TERRE HAUTE —
The Terre Haute City Council will be looking tonight at a proposal designed to curb synthetic drug sales and access for minors to tobacco and drug paraphernalia.
The ordinance, put together by Sgt. Steve Lockard of the Terre Haute Police Department and the Vigo County Drug Task Force, would require stores selling tobacco or tobacco paraphernalia and/or accessories to keep those items out of the reach of minors.
It would also require stores selling tobacco paraphernalia, such as pipes or other devices designed for smoking or ingesting tobacco (but that can also be used with illegal drugs), to receive a permit from the city with an annual fee of $60. The ordinance also prohibits the sale of any synthetic drugs, which are often sold as “K2,” “Spice” or “Incense.”
The idea for the measure arose from concern primarily over synthetic drug sales in the area, Lockard told the Tribune-Star Wednesday. However, “synthetic drugs and paraphernalia usually go hand-in-hand,” he noted.
In July of 2012, authorities seized more than $200,000 in pipes and “look-a-like” drugs from three convenience stores in Terre Haute.
If passed, the ordinance would give authorities the ability to inspect stores selling tobacco and drug paraphernalia to insure compliance with the law, Lockard said. The ordinance also gives the city, through the Board of Public Works and Safety, the ability to revoke city-issued permits in the event of ordinance violations.

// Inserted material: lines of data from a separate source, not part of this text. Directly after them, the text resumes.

theorem proposition2:
  fixes \<mu> :: "'d::finite outcome measure"
    and p \<epsilon> :: real
    and f0 f1 h :: "real^'d \<Rightarrow> real"
  assumes "prob_space \<mu>"
    and "sets \<mu> = sets sample_space"
    and "measure \<mu> {\<omega> \<in> space \<mu>. fst (snd \<omega>) = False} > 0"
    and "measure \<mu> {\<omega> \<in> space \<mu>. fst (snd \<omega>) = True} > 0"
    and "AE \<omega> in \<mu>. \<bar>snd (snd \<omega>)\<bar> \<le> 1"
    and "p \<ge> 1"
    and "f0 \<in> borel_measurable borel"
    and "lp_error p (cond_dist \<mu> False) f0 = opt_lp_error p (cond_dist \<mu> False)"
    and "f1 \<in> borel_measurable borel"
    and "lp_error p (cond_dist \<mu> True) f1 = opt_lp_error p (cond_dist \<mu> True)"
    and "h \<in> borel_measurable borel"
    and "\<epsilon> > 0"
    and "wasserstein p (push (cond_dist \<mu> False) h) (push (cond_dist \<mu> True) h) \<le> ennreal \<epsilon>"
  shows "(excess_risk p (cond_dist \<mu> False) h + excess_risk p (cond_dist \<mu> True) h
           \<ge> enn2ereal (wasserstein p (push (cond_dist \<mu> False) f0) (push (cond_dist \<mu> True) f1))
             - 2 * (enn2ereal (opt_lp_error p (cond_dist \<mu> False))
                    + enn2ereal (opt_lp_error p (cond_dist \<mu> True)))
             - ereal \<epsilon>)
    \<and> (\<forall>C::real. (\<forall>a. \<exists>g. g \<in> borel_measurable borel
                       \<and> push (cond_dist \<mu> a) h = density lborel g
                       \<and> (\<forall>z. g z \<le> ennreal C))
         \<longrightarrow> (\<forall>z. \<bar>measure (cond_dist \<mu> False) {\<omega> \<in> space \<mu>. h (fst \<omega>) \<le> z}
                  - measure (cond_dist \<mu> True) {\<omega> \<in> space \<mu>. h (fst \<omega>) \<le> z}\<bar>
                 \<le> 2 * sqrt (C * \<epsilon>)))"
proof -
  have \<nu>: "prob_space (cond_dist \<mu> a)" "sets (cond_dist \<mu> a) = sets sample_space"
    and Y: "AE \<omega> in cond_dist \<mu> a. \<bar>snd (snd \<omega>)\<bar> \<le> 1" for a
    using prob_space_cond_dist[OF assms(1,2)] AE_cond_dist[OF assms(1,2) _ assms(5)] assms(2-4)
    by (cases a; simp)+
  have distrib: "real_distribution (push (cond_dist \<mu> a) g)" if "g \<in> borel_measurable borel" for a g
    using real_distribution_push[OF \<nu> that] .
  \<comment> \<open>The only use of \<open>\<bar>Y\<bar> \<le> 1\<close>: finite optimal errors make the subtractions in \<open>excess_risk\<close> meaningful.\<close>
  have opt_finite: "opt_lp_error p (cond_dist \<mu> a) \<noteq> \<infinity>" for a
    using opt_lp_error_le_1[OF \<nu>(1) Y, of p a] assms(6) by (auto simp: top_unique)
  let ?F0 = "push (cond_dist \<mu> False) f0" and ?F1 = "push (cond_dist \<mu> True) f1"
  let ?H0 = "push (cond_dist \<mu> False) h" and ?H1 = "push (cond_dist \<mu> True) h"
  have "wasserstein p ?F0 ?F1 \<le> wasserstein p ?F0 ?H0 + wasserstein p ?H0 ?F1"
    by (intro wasserstein_triangle distrib assms(6,7,9,11))
  also have "\<dots> \<le> wasserstein p ?F0 ?H0 + (wasserstein p ?H0 ?H1 + wasserstein p ?H1 ?F1)"
    by (intro add_left_mono wasserstein_triangle distrib assms(6,9,11))
  also have "\<dots> \<le> (opt_lp_error p (cond_dist \<mu> False) + lp_error p (cond_dist \<mu> False) h)
      + (ennreal \<epsilon> + (lp_error p (cond_dist \<mu> True) h + opt_lp_error p (cond_dist \<mu> True)))"
    using wasserstein_push_le_lp_error[OF \<nu> assms(7) assms(11) assms(6)]
      wasserstein_push_le_lp_error[OF \<nu> assms(11) assms(9) assms(6)] assms(13)
    by (intro add_mono) (simp_all flip: assms(8,10))
  finally have W: "wasserstein p ?F0 ?F1 \<le> (opt_lp_error p (cond_dist \<mu> False) + lp_error p (cond_dist \<mu> False) h)
      + ennreal \<epsilon> + (lp_error p (cond_dist \<mu> True) h + opt_lp_error p (cond_dist \<mu> True))"
    by (simp add: add.assoc)
  have \<epsilon>: "\<epsilon> \<ge> 0"
    using assms(12) by simp
  note parity = statistical_parity_of_wasserstein_le[OF \<nu> \<nu> assms(11,6) \<epsilon> assms(13), unfolded space_cond_dist]
  show ?thesis
    unfolding excess_risk_def using enn2ereal_excess_sum_ge[OF W opt_finite opt_finite \<epsilon>] parity by blast
qed

end
lemma card_forward_switchings_layer:
  assumes "E \<in> layer k"
  shows "(real d * card T - k) * (real d * card W - k - (2 * d^2 + d)) \<le> card (forward_switchings E)"
proof -
  have E: "E \<in> regular_graphs n d" and k: "card (cross_edges E) = k"
    using assms unfolding layer_def by auto
  have T: "real (card (T_arcs E)) = real d * card T - k"
    and W: "real (card (W_arcs E)) = real d * card W - k"
    using card_T_arcs[OF E] card_W_arcs[OF E] k by (simp_all flip: of_nat_add of_nat_mult)
  have "real (card (T_arcs E) * card (W_arcs E))
      \<le> real (card (forward_switchings E) + card (T_arcs E) * (2 * d^2 + d))"
    using card_forward_switchings_ge[OF E] by (simp only: of_nat_le_iff)
  then have "real (card (T_arcs E)) * card (W_arcs E)
      \<le> card (forward_switchings E) + card (T_arcs E) * (2 * real d^2 + d)"
    by simp
  then show ?thesis unfolding T W by (simp add: algebra_simps)
qed

lemma backward_switchings_eq:
  "backward_switchings E =
     (\<lambda>((a, b), (x, y)). ((a, x), (b, y))) ` (cross_edges E \<times> (SIGMA x:{1..n} - W. neighbours E x))"
  unfolding backward_switchings_def neighbours_def by force

lemma card_backward_switchings_le:
  assumes E: "E \<in> regular_graphs n d"
  shows "finite (backward_switchings E)"
    and "card (backward_switchings E) \<le> card (cross_edges E) * (d * card ({1..n} - W))"
proof -
  have fin: "finite (SIGMA x:{1..n} - W. neighbours E x)"
    using finite_neighbours[OF regular_graphs_simple[OF E]] by auto
  then show "finite (backward_switchings E)"
    unfolding backward_switchings_eq using finite_cross_edges by auto
  have "card (backward_switchings E) \<le> card (cross_edges E \<times> (SIGMA x:{1..n} - W. neighbours E x))"
    unfolding backward_switchings_eq by (rule card_image_le) (use fin finite_cross_edges in auto)
  then show "card (backward_switchings E) \<le> card (cross_edges E) * (d * card ({1..n} - W))"
    using card_Sigma_neighbours[OF regular_graphsD[OF E]] by (simp add: card_cartesian_product)
qed

lemma finite_layer: "finite (layer k)"
  unfolding layer_def using finite_regular_graphs by simp

lemma inj_on_switch:
  "inj_on (\<lambda>(E, \<tau>). (switch E \<tau>, \<tau>)) (SIGMA E:regular_graphs n d. forward_switchings E)"
proof (rule inj_onI)
  fix p1 p2
  assume p1: "p1 \<in> (SIGMA E:regular_graphs n d. forward_switchings E)"
    and p2: "p2 \<in> (SIGMA E:regular_graphs n d. forward_switchings E)"
    and eq: "(\<lambda>(E, \<tau>). (switch E \<tau>, \<tau>)) p1 = (\<lambda>(E, \<tau>). (switch E \<tau>, \<tau>)) p2"
  obtain E1 a x b y where 1: "p1 = (E1, ((a, x), (b, y)))" by (metis prod.exhaust)
  obtain E2 where 2: "p2 = (E2, ((a, x), (b, y)))" using eq 1 by (cases p2) auto
  have "switch E1 ((a, x), (b, y)) = switch E2 ((a, x), (b, y))" using eq 1 2 by simp
  then have "E1 = E2" using p1 p2 switch_undo unfolding 1 2 by (metis SigmaE2)
  then show "p1 = p2" using 1 2 by simp
qed

lemma switch_image_subset:
  "(\<lambda>(E, \<tau>). (switch E \<tau>, \<tau>)) ` (SIGMA E:layer k. forward_switchings E)
     \<subseteq> (SIGMA E:layer (k + 1) \<union> layer (k + 2). backward_switchings E)"
proof clarify
  fix E a x b y assume E: "E \<in> layer k" and fwd: "((a, x), (b, y)) \<in> forward_switchings E"
  then have reg: "E \<in> regular_graphs n d" unfolding layer_def by simp
  show "switch E ((a, x), (b, y)) \<in> layer (k + 1) \<union> layer (k + 2)
      \<and> ((a, x), (b, y)) \<in> backward_switchings (switch E ((a, x), (b, y)))"
    using switch_regular[OF reg fwd] card_cross_edges_switch[OF reg fwd]
      backward_switchings_switch[OF reg fwd] E
    unfolding layer_def by auto
qed

lemma card_layer_recurrence:
  assumes F: "\<And>E. E \<in> layer k \<Longrightarrow> F \<le> real (card (forward_switchings E))"
  shows "real (card (layer k)) * F
    \<le> (real (card (layer (k + 1))) + real (card (layer (k + 2)))) * real ((k + 2) * d * card ({1..n} - W))"
proof -
  let ?M = "(k + 2) * d * card ({1..n} - W)"
  let ?S1 = "SIGMA E:layer k. forward_switchings E"
  let ?S2 = "SIGMA E:layer (k + 1) \<union> layer (k + 2). backward_switchings E"
  have reg: "E \<in> layer j \<Longrightarrow> E \<in> regular_graphs n d" for E j unfolding layer_def by simp
  have "real (card (layer k)) * F \<le> (\<Sum>E\<in>layer k. real (card (forward_switchings E)))"
    using sum_mono[OF F] by simp
  also have "\<dots> = real (card ?S1)"
    using finite_layer finite_forward_switchings[OF reg] by (simp add: card_SigmaI)
  also have "card ?S1 \<le> card ?S2"
  proof (rule card_inj_on_le[OF _ switch_image_subset])
    show "inj_on (\<lambda>(E, \<tau>). (switch E \<tau>, \<tau>)) ?S1"
      by (rule inj_on_subset[OF inj_on_switch]) (auto dest: reg)
    show "finite ?S2" using finite_layer card_backward_switchings_le(1)[OF reg] by auto
  qed
  also have "card ?S2 = (\<Sum>E\<in>layer (k + 1) \<union> layer (k + 2). card (backward_switchings E))"
    using finite_layer card_backward_switchings_le(1)[OF reg] by (auto intro: card_SigmaI)
  also have "\<dots> \<le> (\<Sum>E\<in>layer (k + 1) \<union> layer (k + 2). ?M)"
  proof (rule sum_mono)
    fix E assume E: "E \<in> layer (k + 1) \<union> layer (k + 2)"
    then have "card (cross_edges E) \<le> k + 2" unfolding layer_def by auto
    then show "card (backward_switchings E) \<le> ?M"
      using card_backward_switchings_le(2)[OF reg] E
      by (metis (no_types, lifting) Un_iff mult.assoc mult_le_mono1 order_trans)
  qed
  also have "\<dots> = card (layer (k + 1) \<union> layer (k + 2)) * ?M" by simp
  also have "\<dots> \<le> (card (layer (k + 1)) + card (layer (k + 2))) * ?M"
    by (intro mult_right_mono card_Un_le) simp
  finally show ?thesis by (simp flip: of_nat_mult of_nat_add)
qed

lemma card_forward_switchings_ge_quarter:
  assumes E: "E \<in> layer k" and k: "k \<le> 2 * m"
    and T: "4 * real m \<le> real d * card T" and W: "4 * real m \<le> real d * card W"
    and W_large: "8 * real d + 4 \<le> card W"
  shows "(real d * card T / 2) * (real d * card W / 4) \<le> card (forward_switchings E)"
proof -
  have "real d * (8 * real d + 4) \<le> real d * card W" using W_large by (intro mult_left_mono) auto
  then have "real d * card T / 2 \<le> real d * card T - k"
    and "real d * card W / 4 \<le> real d * card W - k - (2 * d^2 + d)"
    using T W k by (auto simp: algebra_simps power2_eq_square)
  then have "(real d * card T / 2) * (real d * card W / 4)
      \<le> (real d * card T - k) * (real d * card W - k - (2 * d^2 + d))"
    by (intro mult_mono) auto
  also have "\<dots> \<le> card (forward_switchings E)" by (rule card_forward_switchings_layer[OF E])
  finally show ?thesis .
qed

lemma card_layer_0_le:
  assumes d: "d > 0" and T: "card T > 0" and W: "card W > 0"
    and T_large: "4 * real m \<le> real d * card T" and W_large: "4 * real m \<le> real d * card W"
    and W_larger: "8 * real d + 4 \<le> card W"
  shows "real (card (layer 0))
    \<le> (16 * (2 * m + 1) * card ({1..n} - W) / (d * card T * card W)) ^ m * card (regular_graphs n d)"
proof -
  define F where "F = (real d * card T / 2) * (real d * card W / 4)"
  define r where "r = (2 * m + 1) * d * card ({1..n} - W) / F"
  have F: "F > 0" unfolding F_def using d T W by auto
  have "real (card (layer k)) \<le> r * (real (card (layer (k + 1))) + real (card (layer (k + 2))))"
    if k: "k < 2 * m" for k
  proof -
    have "real (card (layer k)) * F
      \<le> (real (card (layer (k + 1))) + real (card (layer (k + 2)))) * real ((k + 2) * d * card ({1..n} - W))"
      using card_forward_switchings_ge_quarter[OF _ _ T_large W_large W_larger] k
      unfolding F_def by (intro card_layer_recurrence) auto
    also have "\<dots> \<le> (real (card (layer (k + 1))) + real (card (layer (k + 2)))) * real ((2 * m + 1) * d * card ({1..n} - W))"
      using k by (intro mult_left_mono of_nat_mono mult_le_mono1) auto
    finally show ?thesis using F unfolding r_def by (simp add: field_simps)
  qed
  moreover have "real (card (layer k)) \<le> card (regular_graphs n d)" for k
    unfolding layer_def using finite_regular_graphs by (simp add: card_mono)
  ultimately have "real (card (layer 0)) \<le> (2 * r) ^ m * card (regular_graphs n d)"
    using F by (intro two_step_recurrence_bound[where K = "2 * m"]) (auto simp: r_def)
  also have "2 * r = 16 * (2 * m + 1) * card ({1..n} - W) / (d * card T * card W)"
    unfolding r_def F_def using d T W by (simp add: field_simps)
  finally show ?thesis .
qed
lemma card_induced_edges_henneberg2:
  assumes sg: "simple_graph V E" and v: "v \<notin> V" and e12: "{v1, v2} \<in> E" and v3: "v3 \<in> V"
  shows "card (induced_edges ((E - {{v1, v2}}) \<union> {{v, v1}, {v, v2}, {v, v3}}) (insert v X))
           \<le> card (induced_edges E X) + 2"
proof -
  let ?F = "{{v, v1}, {v, v2}, {v, v3}}" and ?E' = "(E - {{v1, v2}}) \<union> {{v, v1}, {v, v2}, {v, v3}}"
  let ?B = "{v1, v2, v3} \<inter> X"
  have fE: "finite E" by (rule simple_graph_finite_edges[OF sg])
  have v12: "v1 \<in> V" "v2 \<in> V" using simple_graph_adjacent[OF sg e12] by auto
  have "induced_edges ?E' (insert v X) \<subseteq> (induced_edges E X - {{v1, v2}}) \<union> (\<lambda>y. {v, y}) ` ?B"
  proof
    fix e assume e: "e \<in> induced_edges ?E' (insert v X)"
    show "e \<in> (induced_edges E X - {{v1, v2}}) \<union> (\<lambda>y. {v, y}) ` ?B"
    proof (cases "e \<in> E")
      case True
      hence "e \<subseteq> V" using simple_graph_edges_subset[OF sg] by blast
      thus ?thesis using e True v unfolding induced_edges_def by auto
    next
      case False
      hence "e \<in> ?F" "e \<subseteq> insert v X" using e unfolding induced_edges_def by auto
      thus ?thesis using v v12 v3 by auto
    qed
  qed
  hence "card (induced_edges ?E' (insert v X))
      \<le> card (induced_edges E X - {{v1, v2}}) + card ((\<lambda>y. {v, y}) ` ?B)"
    by (intro card_subset_Un_le) (auto simp: fE finite_induced_edges)
  moreover have "card ((\<lambda>y. {v, y}) ` ?B) \<le> card ?B" by (rule card_image_le) simp
  moreover have "card (induced_edges E X - {{v1, v2}}) + card ?B \<le> card (induced_edges E X) + 2"
  proof (cases "v1 \<in> X \<and> v2 \<in> X")
    case True
    hence "{v1, v2} \<in> induced_edges E X" using e12 unfolding induced_edges_def by auto
    moreover have "card ?B \<le> card {v1, v2, v3}" by (rule card_mono) auto
    ultimately show ?thesis
      using card_triple_le[of v1 v2 v3] card_Suc_Diff1[OF finite_induced_edges[OF fE]] by fastforce
  next
    case False
    hence "?B \<subseteq> {v2, v3} \<or> ?B \<subseteq> {v1, v3}" by auto
    hence "card ?B \<le> 2"
      using card_mono[of "{v2, v3}" ?B] card_mono[of "{v1, v3}" ?B] card_doubleton_le
      by (metis finite.emptyI finite.insertI order_trans)
    moreover have "card (induced_edges E X - {{v1, v2}}) \<le> card (induced_edges E X)"
      by (rule card_Diff1_le)
    ultimately show ?thesis by linarith
  qed
  ultimately show ?thesis by linarith
qed
(* Let $\mathcal{X}_k \in \{\mathcal{E}_k, \mathcal{F}_k\}$ for $1 \leq k \leq n$. For any $\lambda \in R$ and $1< i,j \leq n$, \[1 + \lambda \mathcal{X}_i\mathcal{X}_j = [1+ \lambda \mathcal{X}_i\mathcal{X}_1,\ 1 + \mathcal{X}_1\mathcal{X}_j].\]
   Context: Let $R$ be a commutative ring. For $v=(a_1,\dots,a_n), w=(b_1,\dots,b_n)\in R^n$ the Suslin matrix $\mathcal{S}_{n-1}(v,w)$ is defined recursively: $\mathcal{S}_1(v,w)=\begin{pmatrix} a_1 & a_2\\ -b_2 & b_1\end{pmatrix}$, $\overline{\mathcal{S}_1(v,w)}=\begin{pmatrix} b_1 & -a_2\\ b_2 & a_1\end{pmatrix}$, and with $v=(a_1,v')$, $w=(b_1,w')$, $\mathcal{S}_{n-1}(v,w)=\begin{pmatrix} a_1 & \mathcal{S}_{n-2}(v',w')\\ -\overline{\mathcal{S}_{n-2}(v',w')} & b_1\end{pmatrix}$, $\overline{\mathcal{S}_{n-1}(v,w)}=\begin{pmatrix} b_1 & -\mathcal{S}_{n-2}(v',w')\\ \overline{\mathcal{S}_{n-2}(v',w')} & a_1\end{pmatrix}$. Set $\mathcal{E}_i = \mathcal{S}_{n-1}(e_i,0)$, $\mathcal{F}_i = \mathcal{S}_{n-1}(0,f_i)$ for standard basis vectors $e_i$, $f_i$. The commutator is $[a,b]=aba^{-1}b^{-1}$. *)

theory Defs
  imports "Jordan_Normal_Form.Matrix"
begin

text \<open>Vectors v = (a_1,...,a_n) in R^n are represented as functions nat => 'a,
  with a_k = v k for 1 <= k <= n (entries outside 1..n are ignored).
  suslin_pair m v w = (S_m(v,w), conjugate of S_m(v,w)), a pair of 2^m x 2^m matrices,
  depending only on v 1 .. v (m+1), w 1 .. w (m+1).
  The recursion follows the paper literally: S_1 is given explicitly, and
  S_m(v,w) = [[a_1 I, S_{m-1}(v',w')], [-conj S_{m-1}(v',w'), b_1 I]] with v' = (a_2,...),
  where the scalar a_1 stands for a_1 times the identity of size 2^(m-1).
  The case m = 0 is never used in the statement (it is a 1x1 placeholder).\<close>

fun suslin_pair :: "nat \<Rightarrow> (nat \<Rightarrow> 'a::comm_ring_1) \<Rightarrow> (nat \<Rightarrow> 'a) \<Rightarrow> 'a mat \<times> 'a mat" where
  "suslin_pair 0 v w = (mat 1 1 (\<lambda>_. v 1), mat 1 1 (\<lambda>_. w 1))"
| "suslin_pair (Suc 0) v w =
     (mat_of_rows_list 2 [[v 1, v 2], [- w 2, w 1]],
      mat_of_rows_list 2 [[w 1, - v 2], [w 2, v 1]])"
| "suslin_pair (Suc (Suc m)) v w =
     (let v' = (\<lambda>k. v (Suc k)); w' = (\<lambda>k. w (Suc k));
          P = suslin_pair (Suc m) v' w'; S = fst P; Sb = snd P;
          d = 2 ^ Suc m
      in (four_block_mat (v 1 \<cdot>\<^sub>m 1\<^sub>m d) S (- Sb) (w 1 \<cdot>\<^sub>m 1\<^sub>m d),
          four_block_mat (w 1 \<cdot>\<^sub>m 1\<^sub>m d) (- S) Sb (v 1 \<cdot>\<^sub>m 1\<^sub>m d)))"

definition suslin :: "nat \<Rightarrow> (nat \<Rightarrow> 'a::comm_ring_1) \<Rightarrow> (nat \<Rightarrow> 'a) \<Rightarrow> 'a mat" where
  "suslin m v w = fst (suslin_pair m v w)"

definition suslin_bar :: "nat \<Rightarrow> (nat \<Rightarrow> 'a::comm_ring_1) \<Rightarrow> (nat \<Rightarrow> 'a) \<Rightarrow> 'a mat" where
  "suslin_bar m v w = snd (suslin_pair m v w)"

definition std_basis :: "nat \<Rightarrow> nat \<Rightarrow> 'a::comm_ring_1" where
  "std_basis i = (\<lambda>k. if k = i then 1 else 0)"

definition suslinE :: "nat \<Rightarrow> nat \<Rightarrow> 'a::comm_ring_1 mat" where
  "suslinE n i = suslin (n - 1) (std_basis i) (\<lambda>_. 0)"

definition suslinF :: "nat \<Rightarrow> nat \<Rightarrow> 'a::comm_ring_1 mat" where
  "suslinF n i = suslin (n - 1) (\<lambda>_. 0) (std_basis i)"

text \<open>Two-sided inverse of a square matrix (meaningful when it exists).\<close>
definition mat_inv :: "'a::comm_ring_1 mat \<Rightarrow> 'a mat" where
  "mat_inv A = (SOME B. B \<in> carrier_mat (dim_row A) (dim_row A) \<and>
      A * B = 1\<^sub>m (dim_row A) \<and> B * A = 1\<^sub>m (dim_row A))"

definition mat_comm :: "'a::comm_ring_1 mat \<Rightarrow> 'a mat \<Rightarrow> 'a mat" where
  "mat_comm A B = A * B * mat_inv A * mat_inv B"

end

theory Submission
  imports Defs
begin

(* Write e = X 1, x = X i and y = X j, all of size 2^(n-1). In block form e is diag(1,0) or
   diag(0,1), while for k > 1 the matrix X k is block off-diagonal, [[0, T], [-bar T, 0]].
   Hence e is idempotent and e x + x e = x, e y + y e = y. The classical identity
   S(v,w) * bar S(v,w) = <v,w> for Suslin matrices, together with bar S = -S for the
   off-diagonal ones, gives x^2 = y^2 = 0, and by linearity of S also (x + y)^2 = 0, so x and y
   anticommute. In any ring these relations make a = c x e and b = e y satisfy
   a^2 = b^2 = a b a = b a b = 0 and a b - b a = c x y, and for such a, b one has
   [1 + a, 1 + b] = (1 + a)(1 + b)(1 - a)(1 - b) = 1 + a b - b a. *)

context ring
begin

(* The normaliser behind the algebra method omits right identity in non-commutative rings. *)
declare r_one [algebra ring "zero R" "add R" "a_inv R" "a_minus R" "one R" "mult R"]

lemma one_plus_square_zero_Units:
  assumes a: "a \<in> carrier R" and "a \<otimes> a = \<zero>"
  shows "\<one> \<oplus> a \<in> Units R" and "inv (\<one> \<oplus> a) = \<one> \<ominus> a"
proof -
  have "(\<one> \<oplus> a) \<otimes> (\<one> \<ominus> a) = \<one>" "(\<one> \<ominus> a) \<otimes> (\<one> \<oplus> a) = \<one>"
    using assms by algebra+
  with a show "\<one> \<oplus> a \<in> Units R" "inv (\<one> \<oplus> a) = \<one> \<ominus> a"
    by (auto simp: Units_def intro: inv_char)
qed
(* Let $L\subseteq\Sigma^\omega$ be of the form $L=\bigcup_{i=1}^n U_iV_i^\omega$ where each $U_i\subseteq\Sigma^*$ is Parikh-recognizable and each $V_i\subseteq\Sigma^*$ is regular. Then $L$ is LPBA-recognizable.
   Context: For $V\subseteq\Sigma^*$, $V^\omega=\{w_1w_2\cdots\mid w_i\in V\setminus\{\varepsilon\}\}$. A semi-linear set in $\mathbb{N}^d$ (resp. $(\mathbb{N}\cup\{\infty\})^d$) is a finite union of sets $\{b_0+\sum_{j=1}^\ell b_jz_j\mid z_j\in\mathbb{N}\}$ with $b_j\in\mathbb{N}^d$ (resp. $(\mathbb{N}\cup\{\infty\})^d$), with arithmetic $z+\infty=\infty+z=\infty+\infty=\infty$, $z\cdot\infty=\infty\cdot z=\infty$ for $z>0$, $0\cdot\infty=\infty\cdot0=0$. A Parikh automaton (PA) of dimension $d$ is $(Q,\Sigma,q_0,\Delta,F,C)$ with finite $Q$, $q_0\in Q$, $F\subseteq Q$, finite $\Delta\subseteq Q\times\Sigma\times\mathbb{N}^d\times Q$, semi-linear $C\subseteq\mathbb{N}^d$; it accepts a finite word $x_1\cdots x_n$ if there is a run $r_i=(p_{i-1},x_i,\mathbf{v}_i,p_i)\in\Delta$, $p_0=q_0$, with $p_n\in F$ and $\sum_i\mathbf{v}_i\in C$; Parikh-recognizable languages are those accepted by PA. A limit Parikh–Büchi automaton (LPBA) is such a tuple but with $C\subseteq(\mathbb{N}\cup\{\infty\})^d$ semi-linear; a run $r_1r_2\cdots$ on an infinite word ($r_i=(p_{i-1},\alpha_i,\mathbf{v}_i,p_i)$, $p_0=q_0$) is accepting if $p_i\in F$ for infinitely many $i$ and $\rho(r)\in C$, where the $j$-th component of $\rho(r)$ is $\infty$ if infinitely many $\mathbf{v}_i$ have nonzero $j$-th component and otherwise is the finite sum of the $j$-th components. $L$ is LPBA-recognizable if it is the set of infinite words with an accepting run of some LPBA. *)

theory Defs
  imports Main "HOL-Library.Extended_Nat" "HOL-Library.Omega_Words_Fun"
begin

definition vadd :: "'b::semiring_1 list \<Rightarrow> 'b list \<Rightarrow> 'b list" where
  "vadd xs ys = map2 (+) xs ys"

definition smult :: "'b::semiring_1 \<Rightarrow> 'b list \<Rightarrow> 'b list" where
  "smult c xs = map ((*) c) xs"

text \<open>Linear set with base b0 and periods Ps: b0 + sum_j z_j * b_j, z_j natural.
  Arithmetic on enat satisfies the conventions of the paper (0 * infinity = 0).\<close>
definition lin_set :: "'b::semiring_1 list \<Rightarrow> 'b list list \<Rightarrow> 'b list set" where
  "lin_set b0 Ps = {foldr vadd (map2 (\<lambda>z p. smult (of_nat z) p) zs Ps) b0
                     | zs :: nat list. length zs = length Ps}"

An earlier version of the ordinance, on the council’s agenda this summer, had strict rules regulating the size of display cases for tobacco paraphernalia. That version did not come before the council for a vote, and those particular guidelines have been removed.
In the past two years, the state legislature has passed measures cracking down on synthetic drug sales. Indiana Attorney General Greg Zoeller has also come out strongly against them, stating they can cause chest pain, hallucinations, seizures, extreme paranoia, liver damage and other problems.
n Also tonight, the council will consider authorizing the city to borrow up to $5 million in the form of a “tax anticipation warrant.” If approved by the council, this would be the third year for such a temporary loan, which is used to help the city meet day-to-day expenses between twice-yearly property tax payments from the state.
This time around, Mayor Duke Bennett is asking the council to approve the loan for a period of three years, as opposed to the much shorter time periods they have approved in the past. The longer time period would allow the city to avoid legal and other costs associated with taking out the loan, Bennett has stated.
Because tonight’s meeting, set to begin at 7:15 p.m., is a “sunshine” meeting, no votes will be taken. Votes on these and other proposed measures could take place next Thursday night during the council’s regular meeting.